Now think back to the actress playing the role of the author delivering the lectures of In the Margins. Such elaborate obfuscation in presenting a book as “candid” as this one reveals two contradictory impulses (the Lenù and the Lila, if you will) that seem to linger at the heart of Ferrante’s work: the desire to be intimately known and to not be known at all. Such a paradox makes Ferrante’s decision to remain anonymous throughout the successes of her career all the more understandable and yet still mysterious, even troubling.
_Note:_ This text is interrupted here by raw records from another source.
definition unit_ball :: "nat \<Rightarrow> (nat \<Rightarrow> real) set" where
  "unit_ball d = {x \<in> PiE {..<d} (\<lambda>_. UNIV). vnorm d x \<le> 1}"

definition radial :: "nat \<Rightarrow> (nat \<Rightarrow> real) \<Rightarrow> (nat \<Rightarrow> real)" where
  "radial d x = restrict (\<lambda>i. x i / vnorm d x) {..<d}"

text \<open>Uniform (normalized surface) measure on the unit sphere S^(d-1), defined as the
  cone measure: the image of the uniform distribution on the unit ball under radial projection.\<close>
definition unif_sphere :: "nat \<Rightarrow> (nat \<Rightarrow> real) measure" where
  "unif_sphere d = distr (uniform_measure (PiM {..<d} (\<lambda>_. lborel)) (unit_ball d))
                         (PiM {..<d} (\<lambda>_. borel)) (radial d)"

text \<open>C(alpha) = Pr_{X ~ U(S^(d-1))} (X_1 > alpha); coordinate 1 is index 0 here.\<close>
definition cap :: "nat \<Rightarrow> real \<Rightarrow> real" where
  "cap d \<alpha> = measure (unif_sphere d) {x \<in> space (unif_sphere d). x 0 > \<alpha>}"

definition data_measure :: "nat \<Rightarrow> nat \<Rightarrow> (nat \<Rightarrow> nat \<Rightarrow> real) measure" where
  "data_measure d n = PiM {..<n} (\<lambda>_. unif_sphere d)"

definition nbrs :: "nat \<Rightarrow> nat \<Rightarrow> real \<Rightarrow> (nat \<Rightarrow> nat \<Rightarrow> real) \<Rightarrow> nat \<Rightarrow> nat set" where
  "nbrs d n \<alpha> D i = {j. j < n \<and> j \<noteq> i \<and> ip d (D i) (D j) \<ge> \<alpha>}"

definition tour_path :: "nat \<Rightarrow> nat \<Rightarrow> real \<Rightarrow> (nat \<Rightarrow> nat \<Rightarrow> real) \<Rightarrow> (nat \<Rightarrow> real) \<Rightarrow> nat list \<Rightarrow> bool" where
  "tour_path d n \<alpha> D q ps \<longleftrightarrow> ps \<noteq> [] \<and> (\<forall>p\<in>set ps. p < n) \<and>
     (\<forall>i. i + 1 < length ps \<longrightarrow>
        ps ! (i+1) \<in> nbrs d n \<alpha> D (ps ! i) \<and>
        ip d (D (ps ! (i+1))) q \<ge> ip d (D (ps ! i)) q + 1 / real d)"

end

(* The degree of a fixed data point D_i is a sum of n - 1 independent indicators, each of
   probability at most C(alpha): by rotation invariance of the uniform sphere measure, the cap
   {w. alpha <= <D_i, w>} has the same measure as the cap around the first axis. Rotations are
   composed of Givens rotations, each a product of three shears, which preserve Lebesgue measure.
   A Chernoff bound with base 2 makes the degree at least 4 n C(alpha) with probability at most
   exp (- n C(alpha)); a union bound over the n vertices, together with the bound 2d + 1 on the
   number of vertices of a tour, gives the claim with K = 10 and c = 1. *)

theory Submission
  imports Defs
begin

section \<open>Lebesgue measure preserving rotations\<close>

abbreviation lborel_R :: "nat \<Rightarrow> (nat \<Rightarrow> real) measure" where
  "lborel_R d \<equiv> PiM {..<d} (\<lambda>_. lborel)"

definition lborel_preserving :: "nat \<Rightarrow> ((nat \<Rightarrow> real) \<Rightarrow> (nat \<Rightarrow> real)) \<Rightarrow> bool" where
  "lborel_preserving d T \<longleftrightarrow>
     T \<in> lborel_R d \<rightarrow>\<^sub>M lborel_R d \<and> distr (lborel_R d) (lborel_R d) T = lborel_R d"

definition preserves_ip :: "nat \<Rightarrow> ((nat \<Rightarrow> real) \<Rightarrow> (nat \<Rightarrow> real)) \<Rightarrow> bool" where
  "preserves_ip d T \<longleftrightarrow> (\<forall>x y. ip d (T x) (T y) = ip d x y)"

lemma lborel_preservingI:
  assumes T: "T \<in> lborel_R d \<rightarrow>\<^sub>M lborel_R d"
    and invariant: "\<And>f. f \<in> borel_measurable (lborel_R d) \<Longrightarrow>
      (\<integral>\<^sup>+x. f (T x) \<partial>lborel_R d) = (\<integral>\<^sup>+x. f x \<partial>lborel_R d)"
  shows "lborel_preserving d T"
  unfolding lborel_preserving_def
proof (intro conjI T measure_eqI)
  fix A assume "A \<in> sets (distr (lborel_R d) (lborel_R d) T)"
  then have A: "A \<in> sets (lborel_R d)" by simp
  have "emeasure (distr (lborel_R d) (lborel_R d) T) A = emeasure (lborel_R d) (T -` A \<inter> space (lborel_R d))"
    using T A by (rule emeasure_distr)
  also have "\<dots> = (\<integral>\<^sup>+x. indicator A (T x) \<partial>lborel_R d)"
    using measurable_sets[OF T A]
    by (simp add: nn_integral_indicator[symmetric] del: nn_integral_indicator)
       (intro nn_integral_cong, auto simp: indicator_def)
  also have "\<dots> = emeasure (lborel_R d) A"
    using A by (simp add: invariant)
  finally show "emeasure (distr (lborel_R d) (lborel_R d) T) A = emeasure (lborel_R d) A" .
qed simp

lemma lborel_preserving_id: "lborel_preserving d id"
  by (simp add: lborel_preserving_def distr_id[unfolded id_def[symmetric]])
I’m not suggesting that Ferrante must reveal herself, or that any author should be beholden to the marketing of their books, receptive to all journalists and bookstores and fans and, even worse, available on social media. I imagine the literary world would be a much better place if the job of the author contained more privacy and less shilling, more time for writing and less time for worrying about how they present themselves to the world. But In the Margins is a strange work to consider for this very specific reason, as it examines the desire to tell the truth by functionally losing control of boundaries. It’s a precise, academic, often brilliant book that contains very little of the brutality that we come to Ferrante for. But perhaps when we turn to a book on the writer’s craft, we’re looking more for a gentle nudge than a forceful push.